== Records for the task ==

theorem lemma3p2:
  fixes r m :: nat and \<epsilon> \<delta> :: real
  assumes "\<epsilon> > 0" and "\<delta> > 0"
  shows "\<exists>D::nat. \<forall>n \<ge> D. \<forall>F \<subseteq> cube m {..<n}.
           \<exists>T \<subseteq> {..<n}. card T \<le> D \<and>
             mu m T {a \<in> cube m T.
                \<not> pseudorandom m ({..<n} - T) r \<epsilon> (restr m {..<n} F T a)} \<le> \<delta>"
proof (cases "m = 0")
  case True
  then show ?thesis
    using assms by (intro exI[of _ 0] allI impI exI[of _ "{}"]) (simp add: pseudorandom_empty_alphabet mu_def)
next
  case False
  define c where "c = \<delta> * \<epsilon>\<^sup>2 / real m ^ r"
  have "0 < c" using assms False by (simp add: c_def)
  then obtain K where K: "1 < real K * c"
    using ex_less_of_nat_mult by blast
  show ?thesis
  proof (intro exI[of _ "((\<lambda>k. k + r * m ^ k) ^^ K) 0"] allI impI)
    fix n :: nat and F assume "F \<subseteq> cube m {..<n}"
    then interpret cube_family m "{..<n}" F
      using False by unfold_locales auto
    obtain T where "T \<subseteq> {..<n}" "card T \<le> ((\<lambda>k. k + r * m ^ k) ^^ K) 0"
      and "mu m T (bad_restrictions r \<epsilon> T) \<le> \<delta> \<or> real K * c \<le> energy T"
      using energy_iteration[OF less_imp_le[OF assms(1)], where r=r and j=K and \<delta>=\<delta>]
      unfolding c_def by auto
    moreover have "energy T \<le> 1" using energy_bounds \<open>T \<subseteq> {..<n}\<close> by blast
    ultimately show "\<exists>T \<subseteq> {..<n}. card T \<le> ((\<lambda>k. k + r * m ^ k) ^^ K) 0 \<and>
        mu m T {a \<in> cube m T. \<not> pseudorandom m ({..<n} - T) r \<epsilon> (restr m {..<n} F T a)} \<le> \<delta>"
      using K by (auto simp: bad_restrictions_def)
  qed
qed

end
lemma card_word_pairs_of_len:
  assumes "finite A"
  shows "card (word_pairs_of_len A l) = (l + 1) * card A ^ l"
proof -
  have "card (word_pairs_of_len A l)
      = (\<Sum>i\<le>l. card ({u. set u \<subseteq> A \<and> length u = i} \<times> {v. set v \<subseteq> A \<and> length v = l - i}))"
    unfolding word_pairs_of_len_eq using assms
    by (intro card_UN_disjoint) (auto simp: finite_lists_length_eq)
  also have "\<dots> = (\<Sum>i\<le>l. card A ^ l)"
    using assms
    by (intro sum.cong) (simp_all add: card_cartesian_product card_lists_length_eq flip: power_add)
  finally show ?thesis by simp
qed

definition ord_pres_of_sum_len :: "'a set \<Rightarrow> nat \<Rightarrow> nat \<Rightarrow> ('a list \<times> 'a list) list set" where
  "ord_pres_of_sum_len A k n = {rs \<in> ord_presentations A k. ord_sum_len rs = n}"

lemma ord_sum_len_Nil [simp]: "ord_sum_len [] = 0"
  by (simp add: ord_sum_len_def)

lemma ord_sum_len_Cons [simp]: "ord_sum_len ((u, v) # rs) = length u + length v + ord_sum_len rs"
  by (simp add: ord_sum_len_def)

lemma ord_sum_len_append [simp]: "ord_sum_len (rs @ ts) = ord_sum_len rs + ord_sum_len ts"
  by (simp add: ord_sum_len_def)

lemma ord_sum_len_remove_nth_le: "ord_sum_len (remove_nth j rs) \<le> ord_sum_len rs"
proof -
  have "ord_sum_len (tl ts) \<le> ord_sum_len ts" for ts
    by (cases ts) (auto simp: ord_sum_len_def)
  then have "ord_sum_len (drop (Suc j) rs) \<le> ord_sum_len (drop j rs)"
    by (metis drop_Suc tl_drop)
  then show ?thesis
    by (subst (2) append_take_drop_id[of j, symmetric])
      (simp add: remove_nth_def del: append_take_drop_id)
qed

lemma ord_pres_of_sum_len_0: "ord_pres_of_sum_len A 0 n = (if n = 0 then {[]} else {})"
  by (auto simp: ord_pres_of_sum_len_def ord_presentations_def)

===

What needs to be done - Every line holding the string "shows" should be copied here, so please find those lines in the data.

Answer for the task -
  shows "\<exists>D::nat. \<forall>n \<ge> D. \<forall>F \<subseteq> cube m {..<n}.
  shows "card (word_pairs_of_len A l) = (l + 1) * card A ^ l"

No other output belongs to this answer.